Rehkopf DH, Basu S. Epidemiology 2018; 29(4): 503-505.

Affiliation

Primary Care and Population Health, Stanford University School of Medicine, Stanford, CA (DHR); Primary Care and Outcomes Research, Stanford University School of Medicine, Stanford, CA (SB).

Copyright

(Copyright © 2018, Lippincott Williams and Wilkins)

DOI

10.1097/EDE.0000000000000837

PMID

29613871

Abstract

With the publication of "Repeal of Comprehensive Background Check Policies and Firearm Homicide and Suicide," the synthetic control method joins a group of useful statistical methods for the analysis of observational data imported to the field of epidemiology from economics and political science. These approaches include fixed effects (2), difference in differences (2), regression discontinuity (3) and instrumental variables (4).
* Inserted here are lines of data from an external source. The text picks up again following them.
lemma taylor_ratfun_in_sympl_y_if_invariant:
  assumes q0: "poly q 0 \<noteq> 0"
    and inv: "taylor_ratfun p q = taylor_ratfun p q oo sympl_subst"
  shows "\<exists>a b. b \<noteq> 0 \<and> Fract p q = poly_at_ratfun a sympl_y / poly_at_ratfun b sympl_y"
proof -
  define n where "n = max (degree p) (degree q)"
  have deg: "degree p \<le> n" "degree q \<le> n"
    by (simp_all add: n_def)
  obtain Q where Q: "Q \<noteq> 0" "degree (p * Q) \<le> 2 * n" "degree (q * Q) \<le> 2 * n"
      "sympl_reflect (2 * n) (fps_of_poly (p * Q)) = fps_of_poly (p * Q)"
      "sympl_reflect (2 * n) (fps_of_poly (q * Q)) = fps_of_poly (q * Q)"
    using invariant_taylor_ratfun_clear_denominator[OF q0 inv[symmetric] deg] by blast
  obtain a where a: "to_fract (p * Q) = to_fract [:1, -1:] ^ n * poly_at_ratfun a sympl_y"
    using sympl_reflect_invariant_poly_in_sympl_y[OF Q(2,4)] by blast
  obtain b where b: "to_fract (q * Q) = to_fract [:1, -1:] ^ n * poly_at_ratfun b sympl_y"
    using sympl_reflect_invariant_poly_in_sympl_y[OF Q(3,5)] by blast
  have q: "q \<noteq> 0" using q0 by auto
  have "Fract p q = to_fract (p * Q) / to_fract (q * Q)"
    using q Q(1) by (simp add: Fract_conv_to_fract)
  also have "\<dots> = poly_at_ratfun a sympl_y / poly_at_ratfun b sympl_y"
    by (simp add: a b del: to_fract_mult)
  finally have "Fract p q = poly_at_ratfun a sympl_y / poly_at_ratfun b sympl_y" .
  moreover have "b \<noteq> 0"
    using b Q(1) q by auto
  ultimately show ?thesis by blast
qed

theorem theorem1p6:
  shows "(\<forall>\<phi> :: complex fps. symplectic \<phi> \<longleftrightarrow> \<phi> = fps_compose \<phi> sympl_subst)
    \<and> (\<forall>p q :: complex poly. poly q 0 \<noteq> 0 \<longrightarrow>
         (symplectic (taylor_ratfun p q) \<longleftrightarrow>
            (\<exists>a b :: complex poly. b \<noteq> 0 \<and>
               Fract p q = poly_at_ratfun a sympl_y / poly_at_ratfun b sympl_y))
       \<and> (symplectic (taylor_ratfun p q) \<longleftrightarrow>
            taylor_ratfun p q = fps_compose (taylor_ratfun p q) sympl_subst))"
  using symplectic_iff_invariant taylor_ratfun_invariant_if_in_sympl_y
    taylor_ratfun_in_sympl_y_if_invariant by blast

end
This expansion of methodological tools has been critical for the development for epidemiology as the discipline has expanded to consider the analysis of exposures that are not easily subjected to true random assignment, and for which unmeasured confounders plausibly exist. Furthermore, for social epidemiology, these methods help to facilitate a consequential approach (5,6), as the subfield moves to evaluating the impacts of social and economic policies on health. The importance of considering the synthetic control method for epidemiologic questions is that when randomization is difficult or impossible, and there are no available instrumental variables, the tools available for analysis are currently limited. This is particularly true when only one or a small number of units are treated.